We went to the local ferguson show room and he selected some Brizo/Delta and Grohe components for three of his 5 showers

My question is as follows:
Are the Brizo/Delta Components a good quality valve and does the finish hold up well? (Oil Rubbed Bronze)
Or should I direct him towards useing Grohe throughout his house.
One thing I need to keep in mind, my plumbers HATE Grohe


----------



## Pipe layer

I would go with Delta myself. Good product and ease of getting parts.


----------



## Aqua

Big Grohe and HansGrohe fan myself
will that Delta valve handle the GPMs that shower needs ……….Grohe will


----------



## 504Plumber

Grohe makes a nice faucet, lifetime warranty is hard to beat. I worked on a grohe from the 60's / 70's and they sent the parts out free of charge. 
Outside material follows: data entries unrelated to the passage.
lemma pole_pair_bound_hinv_term:
  assumes y: "0 < y" and a: "cos a = 1" and b: "cos b = 1"
  shows "pole_pair_bound y ((x - a)^2 + y^2) ((x - b)^2 + y^2)
           (y * \<bar>hinv x y * dy_poisson a x y * dx_poisson b x y\<bar>)"
proof -
  define da db where "da = (x - a)^2 + y^2" and "db = (x - b)^2 + y^2"
  have da: "0 < da" and db: "0 < db" using y by (auto simp: da_def db_def dist_sq_pos)
  define t where "t = y * hinv x y"
  have t: "0 \<le> t" using hinv_nonneg[OF y] y by (simp add: t_def)
  have "y * \<bar>hinv x y * dy_poisson a x y * dx_poisson b x y\<bar>
      = t * \<bar>dy_poisson a x y\<bar> * \<bar>dx_poisson b x y\<bar>"
    using y hinv_nonneg[OF y] by (simp add: t_def abs_mult)
  also have "\<dots> \<le> t * (1 / (pi * da)) * (1 / (pi * db))"
    using abs_dy_poisson_le[OF y, of a x] abs_dx_poisson_le[OF y, of b x] t da
    by (intro mult_mono) (auto simp: da_def db_def)
  also have "\<dots> = (t / pi^2) / (da * db)" by (simp add: power2_eq_square)
  finally have X: "y * \<bar>hinv x y * dy_poisson a x y * dx_poisson b x y\<bar> \<le> (t / pi^2) / (da * db)" .
  have "t \<le> 2 * pi * (y + 2)" "t \<le> 2 * pi * da" "t \<le> 2 * pi * db"
    using y_mult_hinv_le[OF y] y_mult_hinv_le_dist[OF y a] y_mult_hinv_le_dist[OF y b]
    by (simp_all add: t_def da_def db_def)
  moreover have "2 * pi * (y + 2) \<le> 2 * (1 + y) * pi^2"
    using mult_left_mono[OF plus_two_le_pi_mult[of y], of "2 * pi"] y
    by (simp add: power2_eq_square mult_ac)
  moreover have "2 * pi * d \<le> 2 * d * pi^2" if "0 \<le> d" for d
  proof -
    have "pi \<le> pi^2" using pi_gt3 by (simp add: power2_eq_square)
    then show ?thesis using mult_left_mono[of pi "pi^2" "2 * d"] that by (simp add: mult_ac)
  qed
  ultimately have "t / pi^2 \<le> 2 * (1 + y)" "t / pi^2 \<le> 2 * da" "t / pi^2 \<le> 2 * db"
    using da db by (auto simp: divide_le_eq intro: order_trans)
  from pole_pair_boundI[OF da db X this] show ?thesis by (simp only: da_def db_def)
qed

lemma pole_pair_bound_dx_hinv_term:
  assumes y: "0 < y" and a: "cos a = 1" and b: "cos b = 1"
  shows "pole_pair_bound y ((x - a)^2 + y^2) ((x - b)^2 + y^2)
           (y * \<bar>poisson b x y * dy_poisson a x y * dx_hinv x y\<bar>)"
proof -
  define da db where "da = (x - a)^2 + y^2" and "db = (x - b)^2 + y^2"
  have da: "0 < da" and db: "0 < db" using y by (auto simp: da_def db_def dist_sq_pos)
  have s: "y \<le> sinh y" "0 < sinh y" using sinh_ge_self[of y] y by auto
  define w where "w = y * \<bar>sin x\<bar>"
  have y_dx_hinv: "y * \<bar>dx_hinv x y\<bar> \<le> 2 * pi * \<bar>sin x\<bar>"
  proof -
    have "y * \<bar>dx_hinv x y\<bar> = (2 * pi * \<bar>sin x\<bar>) * (y / sinh y)"
      unfolding dx_hinv_def using s by (simp add: abs_divide abs_mult)
    also have "\<dots> \<le> (2 * pi * \<bar>sin x\<bar>) * 1" using s y by (intro mult_left_mono) auto
    finally show ?thesis by simp
  qed
  have "y * \<bar>poisson b x y * dy_poisson a x y * dx_hinv x y\<bar>
      = \<bar>poisson b x y\<bar> * \<bar>dy_poisson a x y\<bar> * (y * \<bar>dx_hinv x y\<bar>)"
    using y by (simp add: abs_mult)
  also have "\<dots> \<le> (y / (pi * db)) * (1 / (pi * da)) * (2 * pi * \<bar>sin x\<bar>)"
  proof (rule mult_mono)
    show "\<bar>poisson b x y\<bar> * \<bar>dy_poisson a x y\<bar> \<le> y / (pi * db) * (1 / (pi * da))"
      using abs_poisson[OF y, of b x] abs_dy_poisson_le[OF y, of a x] y da db
      by (intro mult_mono) (auto simp: da_def db_def)
  qed (use y_dx_hinv y da db in auto)
  also have "\<dots> = (2 * w / pi) / (da * db)" by (simp add: w_def mult_ac)
  finally have X: "y * \<bar>poisson b x y * dy_poisson a x y * dx_hinv x y\<bar> \<le> (2 * w / pi) / (da * db)" .
  have "2 * w \<le> d" if "cos c = 1" "d = (x - c)^2 + y^2" for c d
  proof -
    have "\<bar>sin x\<bar> \<le> \<bar>x - c\<bar>"
      using cos_sin_shift_period(2)[OF \<open>cos c = 1\<close>] abs_sin_x_le_abs_x[of "x - c"] by simp
    then have "2 * w \<le> 2 * \<bar>x - c\<bar> * y" using y by (simp add: w_def mult.commute mult_left_mono)
    also have "\<dots> \<le> d" using two_abs_mult_le_sq_sum[of y "x - c"] y that(2) by simp
    finally show ?thesis .
  qed
  then have "2 * w \<le> da" "2 * w \<le> db" using a b by (auto simp: da_def db_def)
  moreover have "w \<le> 1 + y"
  proof -
    have "y * \<bar>sin x\<bar> \<le> y * 1" using abs_sin_le_one[of x] y by (intro mult_left_mono) auto
    then show ?thesis by (simp add: w_def)
  qed
  moreover have w0: "0 \<le> w" using y by (simp add: w_def)
  moreover have "2 * w / pi \<le> 2 * w / 1" using w0 pi_gt3 by (intro divide_left_mono) auto
  ultimately have "2 * w / pi \<le> 2 * (1 + y)" "2 * w / pi \<le> 2 * da" "2 * w / pi \<le> 2 * db"
    by auto
  from pole_pair_boundI[OF da db X this] show ?thesis by (simp only: da_def db_def)
qed

lemma pole_pair_bound_dy_hinv_term:
  assumes y: "0 < y" and a: "cos a = 1" and b: "cos b = 1"
  shows "pole_pair_bound y ((x - a)^2 + y^2) ((x - b)^2 + y^2)
           (y * \<bar>poisson b x y * dx_poisson a x y * dy_hinv x y\<bar>)"
proof -
  define da db where "da = (x - a)^2 + y^2" and "db = (x - b)^2 + y^2"
  have da: "0 < da" and db: "0 < db" using y by (auto simp: da_def db_def dist_sq_pos)
  have s: "0 < sinh y" using y by simp
  define w where "w = 2 * \<bar>x - a\<bar> * y"
  define v where "v = y^2 * \<bar>cos x * cosh y - 1\<bar> / (sinh y)^2"
  have "y * \<bar>poisson b x y * dx_poisson a x y * dy_hinv x y\<bar>
      = y * (y / (pi * db)) * (2 * \<bar>x - a\<bar> * y / (pi * da^2))
          * (2 * pi * \<bar>cos x * cosh y - 1\<bar> / (sinh y)^2)"
    unfolding abs_mult abs_poisson[OF y] abs_dx_poisson[OF y] da_def db_def
    by (simp add: dy_hinv_def abs_mult abs_divide mult.assoc)
  also have "\<dots> = (2 * (w * v / da) / pi) / (da * db)"
    unfolding w_def v_def using s da db by (simp add: field_simps power2_eq_square)
  finally have X: "y * \<bar>poisson b x y * dx_poisson a x y * dy_hinv x y\<bar>
      \<le> (2 * (w * v / da) / pi) / (da * db)" by simp
  have w: "0 \<le> w" "w \<le> da"
    using two_abs_mult_le_sq_sum[of y "x - a"] y by (auto simp: w_def da_def)
  have v: "0 \<le> v" "v \<le> 2" "v \<le> da" "v \<le> db"
    using cos_cosh_bound[OF y, of x] cos_cosh_bound_dist[OF y a, of x]
      cos_cosh_bound_dist[OF y b, of x] s
    by (auto simp: v_def divide_le_eq da_def db_def mult.commute)
  have "w * v / da \<le> 2" "w * v / da \<le> da" "w * v / da \<le> db"
    using w v da mult_mono[of w da v 2] mult_mono[of w da v da] mult_mono[of w da v db]
    by (auto simp: divide_le_eq mult.commute)
  moreover have "2 * (w * v / da) / pi \<le> 2 * (w * v / da) / 1"
    using w v da pi_gt3 by (intro divide_left_mono) auto
  moreover have "4 / pi \<le> 2" using pi_gt3 by (simp add: divide_le_eq)
  moreover have "2 * (w * v / da) / pi \<le> 2 * 2 / pi"
    using \<open>w * v / da \<le> 2\<close> pi_gt3 by (intro divide_right_mono) auto
  ultimately have "2 * (w * v / da) / pi \<le> 2 * (1 + y)"
    "2 * (w * v / da) / pi \<le> 2 * da" "2 * (w * v / da) / pi \<le> 2 * db"
    using y by auto
  from pole_pair_boundI[OF da db X this] show ?thesis by (simp only: da_def db_def)
qed

lemma dist_sq_ge_one_if_separated:
  assumes "2 \<le> \<bar>a - b\<bar>" and "(x - a)^2 + y^2 < 1"
  shows "1 \<le> (x - b)^2 + (y::real)^2"
proof -
  have "(x - a)^2 < 1" using assms(2) by (smt (verit) zero_le_power2)
  then have "\<bar>x - a\<bar> < 1" by (simp add: abs_square_less_1)
  then have "1 \<le> \<bar>x - b\<bar>" using assms(1) by linarith
  then have "1 \<le> (x - b)^2" by (metis abs_ge_self one_le_power power2_abs order_trans abs_ge_zero)
  then show ?thesis by (smt (verit) zero_le_power2)
qed

lemma jj_expl_bound_poles:
  assumes y: "0 < y" and a: "cos a = 1" and b: "cos b = 1" and ab: "2 \<le> \<bar>a - b\<bar>"
  shows "y * \<bar>jj_expl a b x y\<bar> \<le> 48 * (1 + y) / ((1 + ((x - a)^2 + y^2)) * (1 + ((x - b)^2 + y^2)))"
proof -
  define da db where "da = (x - a)^2 + y^2" and "db = (x - b)^2 + y^2"
  have da: "0 < da" and db: "0 < db" using y by (auto simp: da_def db_def dist_sq_pos)
  have sep: "da < 1 \<Longrightarrow> 1 \<le> db" "db < 1 \<Longrightarrow> 1 \<le> da"
    using dist_sq_ge_one_if_separated[OF ab] dist_sq_ge_one_if_separated[of b a] ab
    by (auto simp: da_def db_def abs_minus_commute)
  let ?B = "8 * (1 + y) / ((1 + da) * (1 + db))"
  have le_B: "t \<le> ?B" if "pole_pair_bound y da db t" for t
    using pole_pair_bound_le[OF that _ da db sep] y by simp
  have le_B': "t \<le> ?B" if "pole_pair_bound y db da t" for t
    using le_B that by (simp add: pole_pair_bound_commute)
  have "\<bar>jj_expl a b x y\<bar>
      \<le> \<bar>hinv x y * dy_poisson a x y * dx_poisson b x y\<bar> + \<bar>hinv x y * dy_poisson b x y * dx_poisson a x y\<bar>
       + \<bar>poisson b x y * dy_poisson a x y * dx_hinv x y\<bar> + \<bar>poisson b x y * dx_poisson a x y * dy_hinv x y\<bar>
       + \<bar>poisson a x y * dy_poisson b x y * dx_hinv x y\<bar> + \<bar>poisson a x y * dx_poisson b x y * dy_hinv x y\<bar>"
    unfolding jj_expl_def by (simp add: algebra_simps)
  then have "y * \<bar>jj_expl a b x y\<bar>
      \<le> y * \<bar>hinv x y * dy_poisson a x y * dx_poisson b x y\<bar> + y * \<bar>hinv x y * dy_poisson b x y * dx_poisson a x y\<bar>
       + y * \<bar>poisson b x y * dy_poisson a x y * dx_hinv x y\<bar> + y * \<bar>poisson b x y * dx_poisson a x y * dy_hinv x y\<bar>
       + y * \<bar>poisson a x y * dy_poisson b x y * dx_hinv x y\<bar> + y * \<bar>poisson a x y * dx_poisson b x y * dy_hinv x y\<bar>"
    using y by (simp add: distrib_left[symmetric] mult_left_mono)
  also have "\<dots> \<le> 6 * ?B"
    using le_B[OF pole_pair_bound_hinv_term[OF y a b, of x, folded da_def db_def]]
      le_B'[OF pole_pair_bound_hinv_term[OF y b a, of x, folded da_def db_def]]
      le_B[OF pole_pair_bound_dx_hinv_term[OF y a b, of x, folded da_def db_def]]
      le_B[OF pole_pair_bound_dy_hinv_term[OF y a b, of x, folded da_def db_def]]
      le_B'[OF pole_pair_bound_dx_hinv_term[OF y b a, of x, folded da_def db_def]]
      le_B'[OF pole_pair_bound_dy_hinv_term[OF y b a, of x, folded da_def db_def]]
    by linarith
  finally show ?thesis by (simp add: da_def db_def)
qed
They really aren't hard to install, just have to make sure you're getting the right stuff with it and what the architect is putting on the walls is actually what is going on the walls.


----------



## Boomer100

Thanks for the info... Aqua great question, I checked the pressure drop through both valve bodies and the Grohe flows more water with less pressure drop.
Looks like it's going to be Grohe. I certainly do not want any low pressure problems on this project.
Thanks again to all.


----------



## Plumbus

I'm with Aqua and 504. Just one bit of advice, with Grohe and HG, if it's a simple pressure balanced valve, just stick it in like any other. If it's thermostatic with separate volume controls and heads, read the directions. If it's a freekin car wash, read the directions (twice), and if you are still not sure, call tech support, they're fluent in English.


----------



## love2surf927

Grohe is an excellent choice for multi-head installations and their quality is above average in my opinion. Why do your guys hate Grohe? If they appreciate quality installations they should get used to fixtures like that. Just my two cents


----------



## UN1TED-WE-PLUMB

Brizo is absolute crap.

At that price point buy a real Grohe product (not from box store)


----------



## Tommy plumber

*Boomer 100:*









*Hello! Introduction Requested* 
An intro is requested from all new members. In case you missed it, here is the link. http://www.plumbingzone.com/f3/. 

The PZ is for Plumbing Professionals ( those engaged in the plumbing profession) 

Post an intro and tell our members where you are from, yrs in the trade, and your area(s) of expertise in the plumbing field. 

This info helps members who are waiting to welcome you to the best plumbing site there is. 

We look forward to your valuable input.


----------



## phishfood

Who told rj he could take a vacation, lol?


----------



## rjbphd

phishfood said:


> Who told rj he could take a vacation, lol?


Lol..wasn t hungry...


----------



## Aqua

even if you have to use 1/2" copper and have more than 2 shower heads, go with the 3/4" valve, you'll get better water flow

find your local Grohe rep if you have any questions


----------